■ WHAT TO DO
Of all the entries below, only the lines from the one with "at most \<open>\<mu>(\<Omega>)" up to and including the one with "emeasure M (\<Union>n." are to be duplicated exactly.

Stored data entries
+ + +

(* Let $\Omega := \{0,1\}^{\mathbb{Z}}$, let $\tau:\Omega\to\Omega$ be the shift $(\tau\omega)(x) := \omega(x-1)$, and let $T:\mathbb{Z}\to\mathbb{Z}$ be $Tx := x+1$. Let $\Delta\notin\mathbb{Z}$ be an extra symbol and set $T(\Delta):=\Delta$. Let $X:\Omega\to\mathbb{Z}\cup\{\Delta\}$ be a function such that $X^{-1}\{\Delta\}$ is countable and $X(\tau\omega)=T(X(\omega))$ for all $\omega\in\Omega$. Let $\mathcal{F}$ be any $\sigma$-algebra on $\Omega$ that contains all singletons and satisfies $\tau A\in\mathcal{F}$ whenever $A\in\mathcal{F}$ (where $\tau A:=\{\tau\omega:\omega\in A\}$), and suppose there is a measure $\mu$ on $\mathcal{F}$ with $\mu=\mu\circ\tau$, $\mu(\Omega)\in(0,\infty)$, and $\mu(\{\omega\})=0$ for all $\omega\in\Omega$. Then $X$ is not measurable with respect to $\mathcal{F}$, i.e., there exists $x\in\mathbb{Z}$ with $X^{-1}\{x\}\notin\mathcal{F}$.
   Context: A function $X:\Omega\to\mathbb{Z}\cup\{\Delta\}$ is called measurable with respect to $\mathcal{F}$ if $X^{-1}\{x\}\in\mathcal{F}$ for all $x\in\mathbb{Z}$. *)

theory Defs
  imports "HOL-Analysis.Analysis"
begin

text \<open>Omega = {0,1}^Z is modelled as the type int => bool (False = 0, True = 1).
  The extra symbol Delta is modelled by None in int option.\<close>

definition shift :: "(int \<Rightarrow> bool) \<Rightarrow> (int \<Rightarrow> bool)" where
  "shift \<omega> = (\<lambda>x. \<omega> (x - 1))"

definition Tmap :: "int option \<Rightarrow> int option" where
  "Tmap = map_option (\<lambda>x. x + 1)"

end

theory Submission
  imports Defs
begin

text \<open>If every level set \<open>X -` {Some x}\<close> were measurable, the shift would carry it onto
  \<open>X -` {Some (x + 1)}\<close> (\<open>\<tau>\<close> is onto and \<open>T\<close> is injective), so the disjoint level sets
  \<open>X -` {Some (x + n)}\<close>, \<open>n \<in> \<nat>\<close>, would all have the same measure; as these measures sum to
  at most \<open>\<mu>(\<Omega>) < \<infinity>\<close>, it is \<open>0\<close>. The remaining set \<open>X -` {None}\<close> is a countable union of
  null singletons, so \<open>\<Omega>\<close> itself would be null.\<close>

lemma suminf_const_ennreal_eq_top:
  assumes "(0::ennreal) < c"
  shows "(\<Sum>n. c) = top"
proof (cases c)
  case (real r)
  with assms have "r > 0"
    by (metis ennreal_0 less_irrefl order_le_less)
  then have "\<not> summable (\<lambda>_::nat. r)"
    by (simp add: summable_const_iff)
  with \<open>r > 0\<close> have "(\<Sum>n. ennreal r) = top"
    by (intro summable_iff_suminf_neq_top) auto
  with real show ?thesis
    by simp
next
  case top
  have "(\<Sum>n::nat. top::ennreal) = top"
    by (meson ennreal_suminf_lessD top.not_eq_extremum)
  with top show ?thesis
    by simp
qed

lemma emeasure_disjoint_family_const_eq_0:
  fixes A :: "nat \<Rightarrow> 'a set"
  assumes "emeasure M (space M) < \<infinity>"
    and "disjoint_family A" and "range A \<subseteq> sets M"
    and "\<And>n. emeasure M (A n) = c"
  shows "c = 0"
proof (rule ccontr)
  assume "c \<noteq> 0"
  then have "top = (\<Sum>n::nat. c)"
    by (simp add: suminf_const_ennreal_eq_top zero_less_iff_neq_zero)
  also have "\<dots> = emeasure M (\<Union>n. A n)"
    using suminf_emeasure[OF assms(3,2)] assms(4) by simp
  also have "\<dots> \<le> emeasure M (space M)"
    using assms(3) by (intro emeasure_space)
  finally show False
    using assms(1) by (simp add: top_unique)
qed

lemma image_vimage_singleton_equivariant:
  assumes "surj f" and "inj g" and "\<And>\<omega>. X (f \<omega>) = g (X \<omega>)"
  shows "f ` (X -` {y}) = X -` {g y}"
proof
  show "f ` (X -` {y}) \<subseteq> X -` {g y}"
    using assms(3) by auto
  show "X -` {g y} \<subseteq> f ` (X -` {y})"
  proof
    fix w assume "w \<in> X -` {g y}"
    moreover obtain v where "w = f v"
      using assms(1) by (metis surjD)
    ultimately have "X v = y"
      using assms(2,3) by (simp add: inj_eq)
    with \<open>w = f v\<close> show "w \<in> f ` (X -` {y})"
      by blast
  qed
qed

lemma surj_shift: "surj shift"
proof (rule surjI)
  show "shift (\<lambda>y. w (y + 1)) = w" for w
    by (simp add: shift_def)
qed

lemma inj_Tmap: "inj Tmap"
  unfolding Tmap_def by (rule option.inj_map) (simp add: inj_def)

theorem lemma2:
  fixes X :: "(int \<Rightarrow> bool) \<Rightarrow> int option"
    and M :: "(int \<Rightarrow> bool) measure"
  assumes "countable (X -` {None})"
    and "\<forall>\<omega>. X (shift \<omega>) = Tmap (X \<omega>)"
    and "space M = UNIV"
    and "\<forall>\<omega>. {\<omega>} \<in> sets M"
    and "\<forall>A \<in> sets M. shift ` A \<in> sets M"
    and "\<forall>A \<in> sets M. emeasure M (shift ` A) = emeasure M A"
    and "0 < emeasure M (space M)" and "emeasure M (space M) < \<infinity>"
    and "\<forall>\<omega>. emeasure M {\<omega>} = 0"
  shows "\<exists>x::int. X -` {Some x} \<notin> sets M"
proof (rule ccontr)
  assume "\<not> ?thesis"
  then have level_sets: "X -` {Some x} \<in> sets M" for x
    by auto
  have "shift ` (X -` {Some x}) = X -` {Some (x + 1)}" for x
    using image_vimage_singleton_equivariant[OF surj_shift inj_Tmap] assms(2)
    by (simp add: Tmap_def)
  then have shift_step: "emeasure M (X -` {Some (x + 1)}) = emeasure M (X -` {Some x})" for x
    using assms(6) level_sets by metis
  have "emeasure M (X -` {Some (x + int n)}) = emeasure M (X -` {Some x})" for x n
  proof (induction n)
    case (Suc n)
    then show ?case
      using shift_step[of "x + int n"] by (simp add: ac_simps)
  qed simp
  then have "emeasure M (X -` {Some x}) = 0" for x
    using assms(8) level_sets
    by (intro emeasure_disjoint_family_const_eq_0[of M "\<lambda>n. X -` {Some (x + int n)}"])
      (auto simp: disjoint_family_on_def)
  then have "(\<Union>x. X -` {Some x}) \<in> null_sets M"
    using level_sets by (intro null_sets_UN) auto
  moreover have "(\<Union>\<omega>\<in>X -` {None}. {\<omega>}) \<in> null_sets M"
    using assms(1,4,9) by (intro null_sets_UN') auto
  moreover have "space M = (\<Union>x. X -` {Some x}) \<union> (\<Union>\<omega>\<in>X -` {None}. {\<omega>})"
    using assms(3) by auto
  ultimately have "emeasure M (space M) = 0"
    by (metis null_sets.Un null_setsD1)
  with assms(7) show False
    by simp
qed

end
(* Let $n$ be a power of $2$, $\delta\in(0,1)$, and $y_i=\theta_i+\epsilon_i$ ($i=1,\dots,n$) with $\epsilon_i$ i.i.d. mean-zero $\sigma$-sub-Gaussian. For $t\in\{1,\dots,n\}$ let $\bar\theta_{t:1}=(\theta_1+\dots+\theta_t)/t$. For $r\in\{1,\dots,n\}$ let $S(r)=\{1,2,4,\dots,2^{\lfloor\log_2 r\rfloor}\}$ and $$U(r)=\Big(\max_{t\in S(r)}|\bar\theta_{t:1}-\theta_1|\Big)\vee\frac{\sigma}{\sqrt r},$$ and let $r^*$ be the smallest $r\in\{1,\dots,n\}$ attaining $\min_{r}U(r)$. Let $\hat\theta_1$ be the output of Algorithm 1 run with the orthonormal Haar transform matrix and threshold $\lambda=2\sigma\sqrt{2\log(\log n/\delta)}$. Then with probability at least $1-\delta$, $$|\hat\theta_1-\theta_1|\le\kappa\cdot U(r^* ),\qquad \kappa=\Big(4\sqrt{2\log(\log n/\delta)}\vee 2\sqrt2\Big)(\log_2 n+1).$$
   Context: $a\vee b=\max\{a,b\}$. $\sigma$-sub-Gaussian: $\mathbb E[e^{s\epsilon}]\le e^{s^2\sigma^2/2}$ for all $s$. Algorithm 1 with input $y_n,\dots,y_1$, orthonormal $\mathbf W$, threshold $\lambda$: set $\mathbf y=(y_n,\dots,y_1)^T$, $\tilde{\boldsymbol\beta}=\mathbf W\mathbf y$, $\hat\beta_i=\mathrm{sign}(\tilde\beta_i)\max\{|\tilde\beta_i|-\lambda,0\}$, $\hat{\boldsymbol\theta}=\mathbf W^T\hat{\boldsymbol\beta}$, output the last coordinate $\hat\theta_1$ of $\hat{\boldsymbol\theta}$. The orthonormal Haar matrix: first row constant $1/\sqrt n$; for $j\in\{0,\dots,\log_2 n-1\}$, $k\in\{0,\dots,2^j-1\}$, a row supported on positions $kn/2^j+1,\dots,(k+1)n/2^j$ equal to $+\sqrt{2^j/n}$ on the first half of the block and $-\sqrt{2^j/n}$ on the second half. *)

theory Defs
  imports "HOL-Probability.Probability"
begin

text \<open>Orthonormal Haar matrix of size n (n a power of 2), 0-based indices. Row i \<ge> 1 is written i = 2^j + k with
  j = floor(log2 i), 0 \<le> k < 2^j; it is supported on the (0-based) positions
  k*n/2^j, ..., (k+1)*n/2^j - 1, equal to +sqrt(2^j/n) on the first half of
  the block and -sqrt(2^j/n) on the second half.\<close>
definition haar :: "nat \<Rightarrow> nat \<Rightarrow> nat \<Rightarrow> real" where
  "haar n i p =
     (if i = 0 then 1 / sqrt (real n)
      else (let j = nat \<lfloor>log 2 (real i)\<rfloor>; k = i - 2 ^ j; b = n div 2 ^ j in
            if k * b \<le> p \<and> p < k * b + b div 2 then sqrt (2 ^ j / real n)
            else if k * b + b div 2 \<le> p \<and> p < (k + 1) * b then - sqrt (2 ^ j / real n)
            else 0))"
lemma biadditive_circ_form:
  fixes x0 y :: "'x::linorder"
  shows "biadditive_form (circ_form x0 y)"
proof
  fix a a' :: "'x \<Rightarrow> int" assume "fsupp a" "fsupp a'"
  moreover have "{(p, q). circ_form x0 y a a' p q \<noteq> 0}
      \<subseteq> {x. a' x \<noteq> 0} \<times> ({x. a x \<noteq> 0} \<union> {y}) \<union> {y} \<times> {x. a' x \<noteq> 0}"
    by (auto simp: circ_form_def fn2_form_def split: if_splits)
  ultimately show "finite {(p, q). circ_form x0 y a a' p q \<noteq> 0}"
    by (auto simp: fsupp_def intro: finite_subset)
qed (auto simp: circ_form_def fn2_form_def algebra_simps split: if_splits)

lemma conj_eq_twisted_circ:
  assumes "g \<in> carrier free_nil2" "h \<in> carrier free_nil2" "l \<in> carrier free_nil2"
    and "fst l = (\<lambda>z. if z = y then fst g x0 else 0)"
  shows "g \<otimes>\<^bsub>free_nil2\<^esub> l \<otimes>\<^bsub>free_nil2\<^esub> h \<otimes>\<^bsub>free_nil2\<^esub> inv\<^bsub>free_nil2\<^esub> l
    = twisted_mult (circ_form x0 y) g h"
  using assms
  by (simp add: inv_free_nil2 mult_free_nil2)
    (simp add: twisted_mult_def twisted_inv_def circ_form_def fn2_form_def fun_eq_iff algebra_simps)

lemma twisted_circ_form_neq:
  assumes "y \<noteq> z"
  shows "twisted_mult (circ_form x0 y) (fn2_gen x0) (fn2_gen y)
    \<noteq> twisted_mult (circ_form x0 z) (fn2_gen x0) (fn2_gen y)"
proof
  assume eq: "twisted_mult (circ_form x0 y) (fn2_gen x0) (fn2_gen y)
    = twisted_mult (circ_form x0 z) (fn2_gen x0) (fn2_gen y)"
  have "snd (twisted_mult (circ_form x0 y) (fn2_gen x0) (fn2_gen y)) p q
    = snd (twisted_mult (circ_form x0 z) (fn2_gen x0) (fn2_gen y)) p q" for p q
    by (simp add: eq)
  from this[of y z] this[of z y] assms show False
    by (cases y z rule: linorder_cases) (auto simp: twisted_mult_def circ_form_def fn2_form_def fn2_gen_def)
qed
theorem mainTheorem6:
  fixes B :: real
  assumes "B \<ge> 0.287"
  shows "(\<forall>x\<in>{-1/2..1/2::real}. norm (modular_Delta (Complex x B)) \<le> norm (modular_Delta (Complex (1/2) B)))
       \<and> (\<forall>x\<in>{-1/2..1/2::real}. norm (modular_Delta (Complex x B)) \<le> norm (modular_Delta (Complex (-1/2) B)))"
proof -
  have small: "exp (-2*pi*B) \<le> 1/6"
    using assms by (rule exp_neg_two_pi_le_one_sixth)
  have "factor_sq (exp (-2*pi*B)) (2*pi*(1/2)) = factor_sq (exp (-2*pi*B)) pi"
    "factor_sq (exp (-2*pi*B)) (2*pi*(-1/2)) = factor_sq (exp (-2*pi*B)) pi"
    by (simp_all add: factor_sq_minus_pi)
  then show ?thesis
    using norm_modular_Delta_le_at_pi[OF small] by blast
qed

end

+ + +

■ EXERCISE SOLUTION
  at most \<open>\<mu>(\<Omega>) < \<infinity>\<close>, it is \<open>0\<close>. The remaining set \<open>X -` {None}\<close> is a countable union of
  null singletons, so \<open>\<Omega>\<close> itself would be null.\<close>

lemma suminf_const_ennreal_eq_top:
  assumes "(0::ennreal) < c"
  shows "(\<Sum>n. c) = top"
proof (cases c)
  case (real r)
  with assms have "r > 0"
    by (metis ennreal_0 less_irrefl order_le_less)
  then have "\<not> summable (\<lambda>_::nat. r)"
    by (simp add: summable_const_iff)
  with \<open>r > 0\<close> have "(\<Sum>n. ennreal r) = top"
    by (intro summable_iff_suminf_neq_top) auto
  with real show ?thesis
    by simp
next
  case top
  have "(\<Sum>n::nat. top::ennreal) = top"
    by (meson ennreal_suminf_lessD top.not_eq_extremum)
  with top show ?thesis
    by simp
qed

lemma emeasure_disjoint_family_const_eq_0:
  fixes A :: "nat \<Rightarrow> 'a set"
  assumes "emeasure M (space M) < \<infinity>"
    and "disjoint_family A" and "range A \<subseteq> sets M"
    and "\<And>n. emeasure M (A n) = c"
  shows "c = 0"
proof (rule ccontr)
  assume "c \<noteq> 0"
  then have "top = (\<Sum>n::nat. c)"
    by (simp add: suminf_const_ennreal_eq_top zero_less_iff_neq_zero)
  also have "\<dots> = emeasure M (\<Union>n. A n)"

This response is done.